▶ [Work instructions]
May I have the lines from the one containing "(simp add: orthogonal_def)" to the end of the entries, returned exactly and with nothing else?

▶ [Data for processing]
text \<open>Write \<open>\<psi>\<^sub>i\<^sub>j\<close> and \<open>Q\<^sub>i\<close> for \<open>\<psi>\<close> and \<open>Q\<close> at the circle vertices \<open>v\<^sub>i\<close>. Since
\<open>\<psi>\<^sub>i\<^sub>j = \<psi>\<^sub>1\<^sub>j - \<psi>\<^sub>1\<^sub>i\<close>, the equations of the circle prescribe the consecutive
differences of the potentials \<open>\<psi>\<^sub>1\<^sub>k(P)\<close> around the circle. When the circle is
balanced the closing equation is redundant, so the system is equivalent to
\<open>\<psi>\<^sub>1\<^sub>k(P) = (partial gain sum)\<close> for \<open>k = 2, \<dots>, l+1\<close>. Each of these is a linear
equation in \<open>P\<close> with normal \<open>Q\<^sub>k - Q\<^sub>1\<close>; affine independence of the \<open>Q\<^sub>k\<close> makes
these \<open>l\<close> normals linearly independent, and a system of \<open>l\<close> independent linear
equations is consistent with a solution set of dimension \<open>d - l\<close>.\<close>

lemma inner_system_solvable:
  fixes W :: "'a::euclidean_space set" and b :: "'a \<Rightarrow> real"
  assumes ind: "independent W"
  obtains p where "\<forall>v\<in>W. inner p v = b v"
proof -
  have fin: "finite W" using ind independent_explicit by blast
  define T where "T x = (\<Sum>v\<in>W. inner x v *\<^sub>R v)" for x
  have linT: "linear T"
    unfolding T_def
    by (rule linearI) (simp_all add: inner_add_left scaleR_add_left sum.distrib scaleR_sum_right)
  have T_span: "T ` span W \<subseteq> span W"
    unfolding T_def by (auto intro!: span_sum span_mul intro: span_base)
  \<comment> \<open>The Gram form \<open>inner x (T x) = \<Sum>v\<in>W. (inner x v)\<^sup>2\<close> is definite on \<open>span W\<close>.\<close>
  have "inj_on T (span W)"
  proof (subst linear_inj_on_iff_eq_0[OF linT subspace_span], intro ballI impI)
    fix x assume x: "x \<in> span W" and Tx: "T x = 0"
    have "(\<Sum>v\<in>W. (inner x v)\<^sup>2) = inner x (T x)"
      unfolding T_def by (simp add: inner_sum_right power2_eq_square)
    hence "\<forall>v\<in>W. (inner x v)\<^sup>2 = 0" using Tx fin by (simp add: sum_nonneg_eq_0_iff)
    hence "orthogonal x x" using orthogonal_to_span[OF x] by (simp add: orthogonal_def)
    thus "x = 0" by (simp add: orthogonal_self)
  qed
  hence "dim (T ` span W) = dim (span W)"
    by (intro dim_image_eq[OF linT]) (simp_all add: span_span)
  hence T_onto: "T ` span W = span W"
    by (intro subspace_dim_equal linear_subspace_image[OF linT] T_span) simp_all
  have "(\<Sum>v\<in>W. b v *\<^sub>R v) \<in> span W" by (auto intro!: span_sum span_mul intro: span_base)
  then obtain p where "T p = (\<Sum>v\<in>W. b v *\<^sub>R v)" by (metis T_onto imageE)
  hence "(\<Sum>v\<in>W. (inner p v - b v) *\<^sub>R v) = 0"
    unfolding T_def by (simp add: scaleR_diff_left sum_subtractf)
  hence "\<forall>v\<in>W. inner p v - b v = 0"
    using independentD[OF ind fin order_refl, of "\<lambda>v. inner p v - b v"] by blast
  thus thesis by (intro that) simp
qed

▶ [Written response]
    hence "orthogonal x x" using orthogonal_to_span[OF x] by (simp add: orthogonal_def)
    thus "x = 0" by (simp add: orthogonal_self)
  qed
  hence "dim (T ` span W) = dim (span W)"
    by (intro dim_image_eq[OF linT]) (simp_all add: span_span)
  hence T_onto: "T ` span W = span W"
    by (intro subspace_dim_equal linear_subspace_image[OF linT] T_span) simp_all
  have "(\<Sum>v\<in>W. b v *\<^sub>R v) \<in> span W" by (auto intro!: span_sum span_mul intro: span_base)
  then obtain p where "T p = (\<Sum>v\<in>W. b v *\<^sub>R v)" by (metis T_onto imageE)
  hence "(\<Sum>v\<in>W. (inner p v - b v) *\<^sub>R v) = 0"
    unfolding T_def by (simp add: scaleR_diff_left sum_subtractf)
  hence "\<forall>v\<in>W. inner p v - b v = 0"
    using independentD[OF ind fin order_refl, of "\<lambda>v. inner p v - b v"] by blast
  thus thesis by (intro that) simp
qed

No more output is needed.